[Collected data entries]
+ + +
text \<open>A convex combination of the dual solutions at \<open>\<epsilon>0\<close> and at the boundary point is complementary
  to \<open>X0\<close>, hence dual optimal at a point of the invariancy set, where maximally complementary
  slacks have the column space of \<open>S0\<close>.\<close>

lemma max_compl_dual_col_space_on_closure:
  assumes "invariancy_set C Cb A b I" "open I" "\<epsilon>0 \<in> I" "max_compl C Cb A b \<epsilon>0 X0 y0 S0"
    and "\<epsilon> \<in> closure I" "\<epsilon> \<in> interior (E_set C Cb A b)" "max_compl C Cb A b \<epsilon> X y S"
  shows "col_space S \<subseteq> col_space S0"
proof -
  have X0: "X0 \<in> primal_opt C Cb A b \<epsilon>0" and S0: "(y0, S0) \<in> dual_opt C Cb A b \<epsilon>0"
    using assms(4) rel_interior_subset by (auto simp: max_compl_def)
  have S: "(y, S) \<in> dual_opt C Cb A b \<epsilon>" using assms(7) rel_interior_subset by (auto simp: max_compl_def)
  have X0_feas: "X0 \<in> primal_feas A b" using X0 by (simp add: primal_opt_def)
  have "\<epsilon>0 \<in> interior (E_set C Cb A b)" using assms(1,3) unfolding invariancy_set_def by blast
  then have gap0: "frob S0 X0 = 0" using strong_duality(3) X0 S0 by blast
  have gap: "frob S X0 = 0"
    using strong_duality(3)[OF assms(6) max_compl_primal_opt_on_closure[OF assms(1,3,4,5)] S] .
  obtain t where "0 < t" "t < 1" and in_I: "(1 - t) * \<epsilon>0 + t * \<epsilon> \<in> I"
    using open_contains_comb_near[OF assms(2,3)] by blast
  define St where "St = (1 - t) *\<^sub>R S0 + t *\<^sub>R S"
  have "frob St X0 = 0" using gap0 gap by (simp add: St_def frob_add_left frob_scaleR_left)
  have "((1 - t) *\<^sub>R y0 + t *\<^sub>R y, St) \<in> dual_feas C Cb A ((1 - t) * \<epsilon>0 + t * \<epsilon>)"
    using S0 S \<open>0 < t\<close> \<open>t < 1\<close> unfolding St_def by (intro dual_feas_comb) (auto simp: dual_opt_def)
  then have "((1 - t) *\<^sub>R y0 + t *\<^sub>R y, St) \<in> dual_opt C Cb A b ((1 - t) * \<epsilon>0 + t * \<epsilon>)"
    using X0_feas \<open>frob St X0 = 0\<close> by (intro dual_opt_if_zero_gap)
  moreover obtain Xt yt' St' where max: "max_compl C Cb A b ((1 - t) * \<epsilon>0 + t * \<epsilon>) Xt yt' St'"
    and "col_space Xt = col_space X0" "col_space St' = col_space S0"
    by (rule invariancy_set_max_compl[OF assms(1,3,4) in_I])
  ultimately have "col_space St \<subseteq> col_space S0"
    using col_space_subset_rel_interior_dual_opt max unfolding max_compl_def by blast
  moreover have "col_space S \<subseteq> col_space St"
    unfolding St_def using S0 S \<open>0 < t\<close> \<open>t < 1\<close>
    by (intro col_space_subset_psd_comb) (simp_all add: dual_opt_def dual_feas_def)
  ultimately show ?thesis by blast
qed

end

theorem proposition3:
  fixes C Cb :: "real^'n^'n" and A :: "'m::finite \<Rightarrow> real^'n^'n" and b :: "real^'m"
    and I :: "real set" and \<epsilon>bar \<epsilon>hat :: real
  assumes symC: "symmetric_mat C" and symCb: "symmetric_mat Cb"
    and symA: "\<forall>i. symmetric_mat (A i)"
    and indepA: "inj A" and indepA': "independent (range A)"
    and primal_slater: "\<exists>X. pd X \<and> (\<forall>i. frob (A i) X = b $ i)"
    and dual_slater: "\<exists>y S. pd S \<and> (\<Sum>i\<in>UNIV. y $ i *\<^sub>R A i) + S = C"
    and inv: "invariancy_interval C Cb A b I"
    and bd: "\<epsilon>bar \<in> frontier I" and bdE: "\<epsilon>bar \<in> interior (E_set C Cb A b)"
    and hat: "\<epsilon>hat \<in> I"
  shows "\<forall>Xh yh Sh Xb yb Sb.
           max_compl C Cb A b \<epsilon>hat Xh yh Sh \<longrightarrow> max_compl C Cb A b \<epsilon>bar Xb yb Sb \<longrightarrow>
           rank Xh \<noteq> rank Xb \<or> rank Sh \<noteq> rank Sb"
proof (intro allI impI)
  interpret slater_sdp C Cb A b
    using symC symCb symA indepA indepA' primal_slater dual_slater by unfold_locales
  fix Xh yh Sh Xb yb Sb
  assume hat_max: "max_compl C Cb A b \<epsilon>hat Xh yh Sh" and bar_max: "max_compl C Cb A b \<epsilon>bar Xb yb Sb"
  have I: "invariancy_set C Cb A b I" "open I" using inv by (simp_all add: invariancy_interval_def)
  have "\<epsilon>bar \<notin> I" "\<epsilon>bar \<in> closure I" using bd \<open>open I\<close> by (simp_all add: frontier_def interior_open)
  show "rank Xh \<noteq> rank Xb \<or> rank Sh \<noteq> rank Sb"
  proof (rule ccontr)
    assume "\<not> (rank Xh \<noteq> rank Xb \<or> rank Sh \<noteq> rank Sb)"
    then have "rank Xh = rank Xb" "rank Sb = rank Sh" by simp_all
    moreover have "col_space Xh \<subseteq> col_space Xb"
      using col_space_subset_rel_interior_primal_opt bar_max
        max_compl_primal_opt_on_closure[OF I(1) hat hat_max \<open>\<epsilon>bar \<in> closure I\<close>]
      unfolding max_compl_def by blast
    moreover have "col_space Sb \<subseteq> col_space Sh"
      by (rule max_compl_dual_col_space_on_closure[OF I hat hat_max \<open>\<epsilon>bar \<in> closure I\<close> bdE bar_max])
    ultimately have "col_space Xh = col_space Xb" "col_space Sb = col_space Sh"
      using col_space_eq_if_rank_eq by blast+
    then have "opt_partition C Cb A b \<epsilon>bar = opt_partition C Cb A b \<epsilon>hat"
      unfolding opt_partition_eq[OF bar_max] opt_partition_eq[OF hat_max] by simp
    then have "\<epsilon>bar \<in> I" using invariancy_set_absorbs[OF I(1) bdE hat] by blast
    with \<open>\<epsilon>bar \<notin> I\<close> show False ..
  qed
qed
+ + +
> _PROBLEM STATEMENT_:
All of the entries above should be written out again exactly.

> _ANSWER TO THE EXERCISE_:
text \<open>A convex combination of the dual solutions at \<open>\<epsilon>0\<close> and at the boundary point is complementary
  to \<open>X0\<close>, hence dual optimal at a point of the invariancy set, where maximally complementary
  slacks have the column space of \<open>S0\<close>.\<close>

lemma max_compl_dual_col_space_on_closure:
  assumes "invariancy_set C Cb A b I" "open I" "\<epsilon>0 \<in> I" "max_compl C Cb A b \<epsilon>0 X0 y0 S0"
    and "\<epsilon> \<in> closure I" "\<epsilon> \<in> interior (E_set C Cb A b)" "max_compl C Cb A b \<epsilon> X y S"
  shows "col_space S \<subseteq> col_space S0"
proof -
  have X0: "X0 \<in> primal_opt C Cb A b \<epsilon>0" and S0: "(y0, S0) \<in> dual_opt C Cb A b \<epsilon>0"
    using assms(4) rel_interior_subset by (auto simp: max_compl_def)
  have S: "(y, S) \<in> dual_opt C Cb A b \<epsilon>" using assms(7) rel_interior_subset by (auto simp: max_compl_def)
  have X0_feas: "X0 \<in> primal_feas A b" using X0 by (simp add: primal_opt_def)
  have "\<epsilon>0 \<in> interior (E_set C Cb A b)" using assms(1,3) unfolding invariancy_set_def by blast
  then have gap0: "frob S0 X0 = 0" using strong_duality(3) X0 S0 by blast
  have gap: "frob S X0 = 0"
    using strong_duality(3)[OF assms(6) max_compl_primal_opt_on_closure[OF assms(1,3,4,5)] S] .
  obtain t where "0 < t" "t < 1" and in_I: "(1 - t) * \<epsilon>0 + t * \<epsilon> \<in> I"
    using open_contains_comb_near[OF assms(2,3)] by blast
  define St where "St = (1 - t) *\<^sub>R S0 + t *\<^sub>R S"
  have "frob St X0 = 0" using gap0 gap by (simp add: St_def frob_add_left frob_scaleR_left)
  have "((1 - t) *\<^sub>R y0 + t *\<^sub>R y, St) \<in> dual_feas C Cb A ((1 - t) * \<epsilon>0 + t * \<epsilon>)"
    using S0 S \<open>0 < t\<close> \<open>t < 1\<close> unfolding St_def by (intro dual_feas_comb) (auto simp: dual_opt_def)
  then have "((1 - t) *\<^sub>R y0 + t *\<^sub>R y, St) \<in> dual_opt C Cb A b ((1 - t) * \<epsilon>0 + t * \<epsilon>)"
    using X0_feas \<open>frob St X0 = 0\<close> by (intro dual_opt_if_zero_gap)
  moreover obtain Xt yt' St' where max: "max_compl C Cb A b ((1 - t) * \<epsilon>0 + t * \<epsilon>) Xt yt' St'"
    and "col_space Xt = col_space X0" "col_space St' = col_space S0"
    by (rule invariancy_set_max_compl[OF assms(1,3,4) in_I])
  ultimately have "col_space St \<subseteq> col_space S0"
    using col_space_subset_rel_interior_dual_opt max unfolding max_compl_def by blast
  moreover have "col_space S \<subseteq> col_space St"
    unfolding St_def using S0 S \<open>0 < t\<close> \<open>t < 1\<close>
    by (intro col_space_subset_psd_comb) (simp_all add: dual_opt_def dual_feas_def)
  ultimately show ?thesis by blast
qed

end

theorem proposition3:
  fixes C Cb :: "real^'n^'n" and A :: "'m::finite \<Rightarrow> real^'n^'n" and b :: "real^'m"
    and I :: "real set" and \<epsilon>bar \<epsilon>hat :: real
  assumes symC: "symmetric_mat C" and symCb: "symmetric_mat Cb"
    and symA: "\<forall>i. symmetric_mat (A i)"
    and indepA: "inj A" and indepA': "independent (range A)"
    and primal_slater: "\<exists>X. pd X \<and> (\<forall>i. frob (A i) X = b $ i)"
    and dual_slater: "\<exists>y S. pd S \<and> (\<Sum>i\<in>UNIV. y $ i *\<^sub>R A i) + S = C"
    and inv: "invariancy_interval C Cb A b I"
    and bd: "\<epsilon>bar \<in> frontier I" and bdE: "\<epsilon>bar \<in> interior (E_set C Cb A b)"
    and hat: "\<epsilon>hat \<in> I"
  shows "\<forall>Xh yh Sh Xb yb Sb.
           max_compl C Cb A b \<epsilon>hat Xh yh Sh \<longrightarrow> max_compl C Cb A b \<epsilon>bar Xb yb Sb \<longrightarrow>
           rank Xh \<noteq> rank Xb \<or> rank Sh \<noteq> rank Sb"
proof (intro allI impI)
  interpret slater_sdp C Cb A b
    using symC symCb symA indepA indepA' primal_slater dual_slater by unfold_locales
  fix Xh yh Sh Xb yb Sb
  assume hat_max: "max_compl C Cb A b \<epsilon>hat Xh yh Sh" and bar_max: "max_compl C Cb A b \<epsilon>bar Xb yb Sb"
  have I: "invariancy_set C Cb A b I" "open I" using inv by (simp_all add: invariancy_interval_def)
  have "\<epsilon>bar \<notin> I" "\<epsilon>bar \<in> closure I" using bd \<open>open I\<close> by (simp_all add: frontier_def interior_open)
  show "rank Xh \<noteq> rank Xb \<or> rank Sh \<noteq> rank Sb"
  proof (rule ccontr)
    assume "\<not> (rank Xh \<noteq> rank Xb \<or> rank Sh \<noteq> rank Sb)"
    then have "rank Xh = rank Xb" "rank Sb = rank Sh" by simp_all
    moreover have "col_space Xh \<subseteq> col_space Xb"
      using col_space_subset_rel_interior_primal_opt bar_max
        max_compl_primal_opt_on_closure[OF I(1) hat hat_max \<open>\<epsilon>bar \<in> closure I\<close>]
      unfolding max_compl_def by blast
    moreover have "col_space Sb \<subseteq> col_space Sh"
      by (rule max_compl_dual_col_space_on_closure[OF I hat hat_max \<open>\<epsilon>bar \<in> closure I\<close> bdE bar_max])
    ultimately have "col_space Xh = col_space Xb" "col_space Sb = col_space Sh"
      using col_space_eq_if_rank_eq by blast+
    then have "opt_partition C Cb A b \<epsilon>bar = opt_partition C Cb A b \<epsilon>hat"
      unfolding opt_partition_eq[OF bar_max] opt_partition_eq[OF hat_max] by simp
    then have "\<epsilon>bar \<in> I" using invariancy_set_absorbs[OF I(1) bdE hat] by blast
    with \<open>\<epsilon>bar \<notin> I\<close> show False ..
  qed
qed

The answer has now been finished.